Identification of steroid biosynthetic defects in genotype-proven heterozygote individuals with 17α-hydroxylase/17,20-lyase deficiency
10.3760/cma.j.issn.1000-6699.2010.08.002
- VernacularTitle:基因型明确的17 α-羟化酶/17,20-裂解酶缺陷症杂合子肾上腺皮质功能的研究
- Author:
Jie QIAO
;
Bingli LIU
;
Jun LIANG
;
Xia CHEN
;
Chunlin ZUO
;
Yanyun GU
;
Jing GONG
;
Jinfeng TANG
;
Yixin WU
;
Yan JIN
;
Yingli LU
;
Wanling WU
;
Huaidong SONG
;
Mingdao CHEN
- Publication Type:Journal Article
- Keywords:
Adrenal glands;
Steroid;
P450c17 deficiency;
Heterozygous;
CYP17A1 gene;
Mutation
- From:
Chinese Journal of Endocrinology and Metabolism
2010;26(8):633-638
- CountryChina
- Language:Chinese
-
Abstract:
Objective To investigate the adrenal steroidogenic function in genotype-proven heterozygotes carrying mutations in CYP17A1 gene in vivo. Methods Eight patients and 14 family members from 5 families with 17-hydroxylase/17,20-lyase deficiency (17OHD) were recruited. The mutations of the CYP17A1 gene in these individuals were screened by direct sequencing of PCR products. The hormonal response to ACTH was evaluated in the 14 genotype-proven carriers and 45 age- and sex-matched normal subjects.
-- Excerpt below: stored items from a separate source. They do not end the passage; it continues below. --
theorem theorem3:
  fixes f fu :: "real \<Rightarrow> real \<Rightarrow> real" and q :: real
  assumes q_pos: "q > 0"
    and f_nonneg: "\<And>x u. x \<le> 0 \<Longrightarrow> u > 0 \<Longrightarrow> f x u \<ge> 0"
    and f_cont: "\<And>u. u > 0 \<Longrightarrow> continuous_on {..0} (\<lambda>x. f x u)"
    and f_int: "\<And>u. u > 0 \<Longrightarrow> (\<lambda>x. f x u) integrable_on {..0}"
    and f_deriv: "\<And>x u. x \<le> 0 \<Longrightarrow> u > 0 \<Longrightarrow> ((\<lambda>v. f x v) has_real_derivative fu x u) (at u)"
    and fu_cont: "\<And>u. u > 0 \<Longrightarrow> continuous_on {..0} (\<lambda>x. fu x u)"
    and f_mass: "\<And>u. u > 0 \<Longrightarrow> integral {..0} (\<lambda>x. f x u) = q / 2"
    and c0_pos: "\<And>x. x \<le> 0 \<Longrightarrow> c0 f q x > 0"
    and b0_L1: "b0 f fu q absolutely_integrable_on {..0}"
    and b0c0_bdd: "\<exists>M. \<forall>x\<le>0. \<bar>b0 f fu q x * c0 f q x\<bar> \<le> M"
  shows "\<exists>\<Lambda>>0. \<forall>\<sigma>::complex. Re \<sigma> > 0 \<and>
           integral {..0} (\<lambda>\<xi>. complex_of_real (b0 f fu q \<xi>) * exp (- \<sigma> * complex_of_real (p f q \<xi>)))
             = complex_of_real (c0 f q 0)
           \<longrightarrow> \<bar>Im \<sigma>\<bar> < \<Lambda>"
proof -
  have u0: "u0s q > 0" using q_pos by (simp add: u0s_def)
  have f_abs: "(\<lambda>x. f x (u0s q)) absolutely_integrable_on {..0}"
    using f_int[OF u0] f_nonneg[OF _ u0] by (rule nonnegative_absolutely_integrable_1) simp
  have c0_cont: "continuous_on {a..0} (c0 f q)" if "a \<le> 0" for a
    using f_abs that by (rule c0_continuous_on[of f q])
  have c0_pos_on: "c0 f q x > 0" if "x \<in> {a..0}" for a x using c0_pos that by simp
  obtain \<Lambda> where \<Lambda>: "\<Lambda> > 0" and small: "\<And>\<sigma>. (\<And>x. x \<le> 0 \<Longrightarrow> 0 \<le> Re \<sigma> * p f q x) \<Longrightarrow>
      \<Lambda> \<le> norm \<sigma> \<Longrightarrow> norm (integral {..0} (\<lambda>x. complex_of_real (b0 f fu q x)
        * exp (- \<sigma> * complex_of_real (p f q x)))) < c0 f q 0"
  proof (rule oscillatory_integral_atMost_eventually_small
      [where B = "b0 f fu q" and b = 0 and w = "\<lambda>x. b0 f fu q x * c0 f q x"
        and r = "\<lambda>x. 1 / c0 f q x" and P = "p f q" and \<epsilon> = "c0 f q 0"])
    show "b0 f fu q x = b0 f fu q x * c0 f q x * (1 / c0 f q x)" if "x \<le> 0" for x
      using c0_pos[OF that] by simp
    show "continuous_on {a..0} (\<lambda>x. b0 f fu q x * c0 f q x)" if "a \<le> 0" for a
      using b0_continuous_on[where f = f and fu = fu and q = q,
          OF f_cont[OF u0] fu_cont[OF u0] c0_cont[OF that] c0_pos_on[where a = a]] c0_cont[OF that]
      by (intro continuous_intros)
    show "continuous_on {a..0} (\<lambda>x. 1 / c0 f q x)" if "a \<le> 0" for a
      using c0_cont[OF that] c0_pos_on[where a = a] by (intro continuous_intros) (auto simp: less_imp_neq[symmetric])
    show "(p f q has_real_derivative - (1 / c0 f q x)) (at x within {a..0})" if "x \<in> {a..0}" for a x
      using c0_cont c0_pos_on that by (intro p_has_real_derivative) auto
  qed (use b0_L1 c0_pos in auto)
  show ?thesis
  proof (intro exI[of _ \<Lambda>] conjI allI impI \<Lambda>)
    fix \<sigma> :: complex
    assume \<sigma>: "Re \<sigma> > 0 \<and> integral {..0} (\<lambda>\<xi>. complex_of_real (b0 f fu q \<xi>)
        * exp (- \<sigma> * complex_of_real (p f q \<xi>))) = complex_of_real (c0 f q 0)"
    have "0 \<le> Re \<sigma> * p f q x" if "x \<le> 0" for x
      using \<sigma> p_nonneg[of x f q] c0_pos that by simp
    with \<sigma> small[of \<sigma>] c0_pos[of 0] have "\<not> \<Lambda> \<le> norm \<sigma>" by auto
    with abs_Im_le_cmod[of \<sigma>] show "\<bar>Im \<sigma>\<bar> < \<Lambda>" by linarith
  qed
qed

end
Results Three mutations were found in 5 unrelated families. 14 carriers with CYP17A1 mutation were identified, including 7 heterozygotes with D487_F489del, 6 with Y329fs, and 1 for H373L. Compared to the normal subjects, the carriers exhibited lower basal and ACTH-stimulated cortisol levels, but higher ACTH-stimulated corticosterone level. The ratios of corticosterone to cortisol in the genotype-proven heterozygotes were higher than those of normal individuals at baseline and following ACTH-stimulation. Similarly, progesterone level and ratios of progesterone to 17-hydroxyprogesterone in the male heterozygotes were also higher than that of normal individuals before and after stimulation. No significant differences were observed in the hormone levels between two genotypes (D487_F489del vs Y329fs). Conclusions Genotype-proven carriers of 17OHD without apparent clinical symptoms exhibit decreased enzyme activity,analogous to mildly impaired adrenal 21-hydroxylase activity in the carriers of CYP21 A2 gene mutation.